Directions for this task:
Show all lines below holding the string "outer".

Dataset entries:
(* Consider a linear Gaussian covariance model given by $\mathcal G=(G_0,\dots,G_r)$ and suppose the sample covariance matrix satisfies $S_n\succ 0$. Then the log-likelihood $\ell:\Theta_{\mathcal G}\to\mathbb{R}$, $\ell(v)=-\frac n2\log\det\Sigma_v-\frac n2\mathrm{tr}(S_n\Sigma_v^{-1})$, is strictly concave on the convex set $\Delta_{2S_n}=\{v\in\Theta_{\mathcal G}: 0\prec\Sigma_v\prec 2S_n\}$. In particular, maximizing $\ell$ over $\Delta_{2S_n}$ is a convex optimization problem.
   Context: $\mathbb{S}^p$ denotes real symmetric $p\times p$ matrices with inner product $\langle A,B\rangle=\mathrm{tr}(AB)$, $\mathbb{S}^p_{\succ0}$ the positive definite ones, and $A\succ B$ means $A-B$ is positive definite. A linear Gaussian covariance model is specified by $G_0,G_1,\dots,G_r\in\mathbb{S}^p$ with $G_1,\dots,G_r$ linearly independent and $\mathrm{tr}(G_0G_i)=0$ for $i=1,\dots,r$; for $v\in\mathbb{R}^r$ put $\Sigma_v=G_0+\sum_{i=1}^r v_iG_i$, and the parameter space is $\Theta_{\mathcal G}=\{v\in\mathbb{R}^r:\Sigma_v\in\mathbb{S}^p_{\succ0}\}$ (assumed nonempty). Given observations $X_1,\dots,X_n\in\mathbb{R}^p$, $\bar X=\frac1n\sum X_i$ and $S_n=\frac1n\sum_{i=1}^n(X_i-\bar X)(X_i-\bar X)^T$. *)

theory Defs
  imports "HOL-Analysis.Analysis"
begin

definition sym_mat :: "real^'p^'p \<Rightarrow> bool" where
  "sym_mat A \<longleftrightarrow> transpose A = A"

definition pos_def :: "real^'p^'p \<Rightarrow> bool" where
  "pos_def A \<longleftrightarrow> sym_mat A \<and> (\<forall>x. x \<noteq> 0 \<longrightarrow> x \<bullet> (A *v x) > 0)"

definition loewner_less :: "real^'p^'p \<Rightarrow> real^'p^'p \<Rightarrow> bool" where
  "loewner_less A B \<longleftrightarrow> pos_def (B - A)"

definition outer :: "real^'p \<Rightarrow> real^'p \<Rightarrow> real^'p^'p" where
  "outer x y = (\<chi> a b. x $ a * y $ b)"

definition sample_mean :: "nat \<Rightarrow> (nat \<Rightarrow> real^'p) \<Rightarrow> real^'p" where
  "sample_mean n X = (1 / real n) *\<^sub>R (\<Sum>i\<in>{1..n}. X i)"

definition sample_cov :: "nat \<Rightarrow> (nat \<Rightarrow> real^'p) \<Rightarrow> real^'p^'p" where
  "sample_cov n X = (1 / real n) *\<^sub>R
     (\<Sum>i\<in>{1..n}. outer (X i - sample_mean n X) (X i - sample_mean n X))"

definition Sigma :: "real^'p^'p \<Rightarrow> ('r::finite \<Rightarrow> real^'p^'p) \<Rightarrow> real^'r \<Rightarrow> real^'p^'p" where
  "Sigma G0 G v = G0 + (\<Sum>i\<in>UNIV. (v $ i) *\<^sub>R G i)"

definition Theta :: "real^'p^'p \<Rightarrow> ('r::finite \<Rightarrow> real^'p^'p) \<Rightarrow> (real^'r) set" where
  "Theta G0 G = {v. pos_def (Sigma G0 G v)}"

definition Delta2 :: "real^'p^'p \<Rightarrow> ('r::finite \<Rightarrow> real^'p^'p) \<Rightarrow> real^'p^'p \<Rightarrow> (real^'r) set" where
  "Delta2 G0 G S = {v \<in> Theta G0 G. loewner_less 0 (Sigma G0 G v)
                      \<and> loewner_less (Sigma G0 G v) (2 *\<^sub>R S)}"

Result of this exercise:
definition outer :: "real^'p \<Rightarrow> real^'p \<Rightarrow> real^'p^'p" where
  "outer x y = (\<chi> a b. x $ a * y $ b)"
     (\<Sum>i\<in>{1..n}. outer (X i - sample_mean n X) (X i - sample_mean n X))"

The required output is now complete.